Step 3: Disconnect electrical connector (5 minutes)
The blower motor has a two-pin connector (usually gray or black). Squeeze the tab and pull. If it’s stuck, spray a little WD-40 on the connector and wait 30 seconds. Do not pry with a screwdriver—you’ll break the plastic housing.

Step 4: Install new motor (25 minutes)
Compare the old and new motor—the fan wheel should match. Line up the new motor’s mounting holes, push it into the housing (it should click into place), then install bolts hand-tight first, then torque to 8 ft-lbs (don’t overtighten—the plastic housing cracks easily). Reconnect the electrical connector until you hear a click.

Step 5: Test before reassembly (10 minutes)
Reconnect battery, turn ignition to ON (not start), and test fan on all speeds. If it runs quietly and smoothly, you’re golden. If it only works on high, the blower motor resistor is bad—that’s a separate $25 part replacement (common on 2006–2012 Eclipses).

Step 6: Reassemble (15 minutes)
Reinstall glove box, reconnect light, and replace floor mat. Done.

Troubleshooting: A Real-World Case

In 2019, a customer brought in a 2015 Toyota Camry with no heat on cold mornings. The blower motor worked fine on speed 4 but was dead on 1–3. I diagnosed it as a failed blower motor resistor (common across many Japanese cars). Replaced it in 45 minutes—cost $28 for the part. The lesson: always test the blower motor directly with 12V battery power before condemning it. If it spins freely, the resistor is likely the issue.

For your Eclipse, if the motor hums but doesn’t spin, the fan wheel may be jammed with leaves or debris. I’ve pulled out acorns and pine needles from 2008 Eclipse models—clean the housing with a shop vac before installing the new motor.

Verification

After installation, run the fan on all speeds for 5 minutes. Normal signs: steady airflow, no rattling, and the motor should be silent except for air movement. Warning signs: burning smell (electrical short), intermittent operation (bad connection), or high-pitched squeal (fan wheel rubbing). If you hear a squeal, remove the motor and check for debris or misalignment—don’t force it.

Maintenance and Lifespan

A blower motor typically lasts 3–5 years in moderate climates, but in dusty or humid areas (like Florida or Arizona), I’ve seen failures in 2 years. Factors that shorten life: running the fan on high constantly, clogged cabin air filters (replace every 12 months), and water leaks from clogged sunroof drains. Prevention: replace the cabin air filter annually and keep the cowl area (under the hood near the windshield) free of leaves. If you park under trees, clean the cowl every spring.

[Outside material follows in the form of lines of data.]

lemma coset_madd_submod: "sub N \<Longrightarrow> z \<in> C \<Longrightarrow> m' \<in> N \<Longrightarrow> coset M N (z \<oplus> m') = coset M N z"
proof -
  assume N: "sub N" and z: "z \<in> C" and m': "m' \<in> N"
  have NC: "N \<subseteq> C" using N by (simp add: submod_def)
  have m'C: "m' \<in> C" using NC m' by blast
  show ?thesis
  proof
    show "coset M N (z \<oplus> m') \<subseteq> coset M N z"
    proof
      fix w assume "w \<in> coset M N (z \<oplus> m')"
      then obtain m where m: "m \<in> N" "w = (z \<oplus> m') \<oplus> m" by (auto simp: coset_def)
      then have "w = z \<oplus> (m' \<oplus> m)" using madd_assoc z m'C NC by blast
      moreover have "m' \<oplus> m \<in> N" using N m' m by (simp add: submod_def)
      ultimately show "w \<in> coset M N z" by (auto simp: coset_def)
    qed
    show "coset M N z \<subseteq> coset M N (z \<oplus> m')"
    proof
      fix w assume "w \<in> coset M N z"
      then obtain m where m: "m \<in> N" "w = z \<oplus> m" by (auto simp: coset_def)
      have mC: "m \<in> C" using m NC by blast
      have nm: "(-1) \<odot> m' \<in> N" using minus_one_msmul_submod N m' by blast
      have nmC: "(-1) \<odot> m' \<in> C" using nm NC by blast
      have "(z \<oplus> m') \<oplus> ((-1) \<odot> m' \<oplus> m) = z \<oplus> ((m' \<oplus> (-1) \<odot> m') \<oplus> m)"
        using madd_assoc z m'C nmC mC madd_closed by metis
      also have "\<dots> = w" using madd_minus_one_msmul[OF m'C] mzero_madd mC m by simp
      finally have "w = (z \<oplus> m') \<oplus> ((-1) \<odot> m' \<oplus> m)" by simp
      moreover have "(-1) \<odot> m' \<oplus> m \<in> N" using N nm m by (simp add: submod_def)
      ultimately show "w \<in> coset M N (z \<oplus> m')" by (auto simp: coset_def)
    qed
  qed
qed

lemma mem_coset_self: "sub N \<Longrightarrow> y \<in> C \<Longrightarrow> y \<in> coset M N y"
proof -
  assume N: "sub N" and y: "y \<in> C"
  have "zr \<in> N" using N by (simp add: submod_def)
  moreover have "y = y \<oplus> zr" using madd_mzero[OF y] by simp
  ultimately show ?thesis unfolding coset_def by blast
qed

lemma coset_mzero: "sub N \<Longrightarrow> coset M N zr = N"
proof -
  assume N: "sub N"
  then have NC: "N \<subseteq> C" by (simp add: submod_def)
  show ?thesis
  proof
    show "coset M N zr \<subseteq> N" unfolding coset_def using mzero_madd NC by auto
    show "N \<subseteq> coset M N zr"
    proof
      fix m assume m: "m \<in> N"
      then have "m = zr \<oplus> m" using mzero_madd NC by auto
      then show "m \<in> coset M N zr" unfolding coset_def using m by blast
    qed
  qed
qed

lemma coset_submod_mem: "sub N \<Longrightarrow> m \<in> N \<Longrightarrow> coset M N m = N"
proof -
  assume N: "sub N" and m: "m \<in> N"
  have "m \<in> C" using N m by (auto simp: submod_def)
  have "coset M N (zr \<oplus> m) = coset M N zr" by (rule coset_madd_submod[OF N mzero_closed m])
  then show ?thesis using mzero_madd \<open>m \<in> C\<close> coset_mzero[OF N] by simp
qed

lemma coset_eq_imp: "sub N \<Longrightarrow> y \<in> C \<Longrightarrow> coset M N y = coset M N z \<Longrightarrow> \<exists>m\<in>N. y = z \<oplus> m"
proof -
  assume N: "sub N" and y: "y \<in> C" and e: "coset M N y = coset M N z"
  have "y \<in> coset M N z" using mem_coset_self[OF N y] e by simp
  then show ?thesis by (auto simp: coset_def)
qed

lemma quot_mact_coset: "sub N \<Longrightarrow> y \<in> C \<Longrightarrow> f \<in> kq_carrier E \<sigma> \<Longrightarrow> mact (quot M N) (coset M N y) f = coset M N (y \<cdot> f)"
proof -
  assume N: "sub N" and y: "y \<in> C" and f: "f \<in> kq_carrier E \<sigma>"
  have NC: "N \<subseteq> C" using N by (simp add: submod_def)
  have each: "coset M N (w \<cdot> f) = coset M N (y \<cdot> f)" if w: "w \<in> coset M N y" for w
  proof -
    obtain m where m: "m \<in> N" "w = y \<oplus> m" using w by (auto simp: coset_def)
    have "w \<cdot> f = y \<cdot> f \<oplus> m \<cdot> f" using madd_mact y m NC f by blast
    moreover have "m \<cdot> f \<in> N" using N m f by (simp add: submod_def)
    ultimately show ?thesis using coset_madd_submod[OF N mact_closed[OF y f]] by simp
  qed
  have "mact (quot M N) (coset M N y) f = (\<Union>w\<in>coset M N y. coset M N (w \<cdot> f))" by (simp add: quot_def)
  also have "\<dots> = coset M N (y \<cdot> f)" using each mem_coset_self[OF N y] by blast
  finally show ?thesis .
qed

lemma quot_msmul_coset: "sub N \<Longrightarrow> y \<in> C \<Longrightarrow> msmul (quot M N) c (coset M N y) = coset M N (c \<odot> y)"
proof -
  assume N: "sub N" and y: "y \<in> C"
  have NC: "N \<subseteq> C" using N by (simp add: submod_def)
  have each: "coset M N (c \<odot> w) = coset M N (c \<odot> y)" if w: "w \<in> coset M N y" for w
  proof -
    obtain m where m: "m \<in> N" "w = y \<oplus> m" using w by (auto simp: coset_def)
    have "c \<odot> w = c \<odot> y \<oplus> c \<odot> m" using msmul_madd y m NC by blast
    moreover have "c \<odot> m \<in> N" using N m by (simp add: submod_def)
    ultimately show ?thesis using coset_madd_submod[OF N msmul_closed[OF y]] by simp
  qed
  have "msmul (quot M N) c (coset M N y) = (\<Union>w\<in>coset M N y. coset M N (c \<odot> w))" by (simp add: quot_def)
  also have "\<dots> = coset M N (c \<odot> y)" using each mem_coset_self[OF N y] by blast
  finally show ?thesis .
qed

lemma quot_zero_facts: "sub N \<Longrightarrow> mzero (quot M N) \<in> carr (quot M N) \<and> (\<forall>Y\<in>carr (quot M N). msmul (quot M N) 0 Y = mzero (quot M N))"
proof -
  assume N: "sub N"
  have "mzero (quot M N) = coset M N zr" using coset_mzero[OF N] by (simp add: quot_def)
  then have "mzero (quot M N) \<in> carr (quot M N)" using mzero_closed by (simp add: quot_def)
  moreover have "\<forall>Y\<in>carr (quot M N). msmul (quot M N) 0 Y = mzero (quot M N)"
  proof
    fix Y assume "Y \<in> carr (quot M N)"
    then obtain y where y: "y \<in> C" "Y = coset M N y" by (auto simp: quot_def)
    then show "msmul (quot M N) 0 Y = mzero (quot M N)"
      using quot_msmul_coset[OF N y(1)] zero_msmul[OF y(1)] coset_mzero[OF N] by (simp add: quot_def)
  qed
  ultimately show ?thesis by blast
qed

end

text \<open>The first two conjuncts are only there to
make a bijective homomorphism preserve zero, as \<open>T\<close> need not be a module.\<close>

definition concentrated_at :: "'v set set \<Rightarrow> ('m,'v,'k::field) kqmod \<Rightarrow> 'v set \<Rightarrow> bool" where
  "concentrated_at E T s \<longleftrightarrow> mzero T \<in> carr T \<and> (\<forall>Y\<in>carr T. msmul T 0 Y = mzero T)
     \<and> (\<exists>Y\<in>carr T. Y \<noteq> mzero T \<and> mact T Y (idem s) = Y)
     \<and> (\<forall>t\<in>E. t \<noteq> s \<longrightarrow> (\<forall>Y\<in>carr T. mact T Y (idem t) = Y \<longrightarrow> Y = mzero T))"

lemma mod_hom_mzero:
  assumes "mod_hom E \<sigma> A B h" and "mzero A \<in> carr A" and "msmul A 0 (mzero A) = mzero A"
    and "\<forall>Y\<in>carr B. msmul B 0 Y = mzero B"
  shows "h (mzero A) = mzero B"
proof -
  have "h (mzero A) = h (msmul A 0 (mzero A))" using assms(3) by simp
  also have "\<dots> = msmul B 0 (h (mzero A))" using assms(1,2) by (simp add: mod_hom_def)
  also have "\<dots> = mzero B" using assms(1,2,4) by (auto simp: mod_hom_def)
  finally show ?thesis .
qed

text \<open>A cyclic module \<open>L = u A\<close> is determined by which pairs \<open>f, g\<close> satisfy \<open>u f = u g\<close>; the
isomorphism sends \<open>u f\<close> to \<open>u' f\<close>.\<close>

definition cyclic_transfer ::
  "'v set set \<Rightarrow> ('v \<Rightarrow> 'v set \<Rightarrow> 'v set) \<Rightarrow> ('m,'v,'k::field) kqmod \<Rightarrow> 'm \<Rightarrow> ('n,'v,'k) kqmod \<Rightarrow> 'n \<Rightarrow> 'm \<Rightarrow> 'n"
  where "cyclic_transfer E \<sigma> L u L' u' y = mact L' u' (SOME f. f \<in> kq_carrier E \<sigma> \<and> y = mact L u f)"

Frequently Asked Questions

Q: Can I fix the blower motor without removing the glove box?

A: No, you need access to the three bolts behind the glove box. On 2003–2008 Eclipses, you can sometimes reach without fully removing the glove box, but it’s easier to just drop it down. Expect 15 minutes extra if you skip removing it.

Q: My Eclipse blower motor only works on high speed—do I need a new motor?

A: Probably not. That’s a classic symptom of a failed blower motor resistor. The resistor is a small module (about $25) located near the blower motor. Replace it first—I’ve fixed 80% of “only works on high” complaints with just the resistor.

Q: How do I know if the blower motor is bad vs. the fuse?

A: Check the fuse box under the hood (labeled “HEATER” or “BLOWER,” usually a 30A or 40A fuse). If the fuse is blown, replace it and test. If it blows again, there’s a short in the motor or wiring. A multimeter set to ohms should show 2–5 ohms across the motor terminals—if infinite, the motor is open.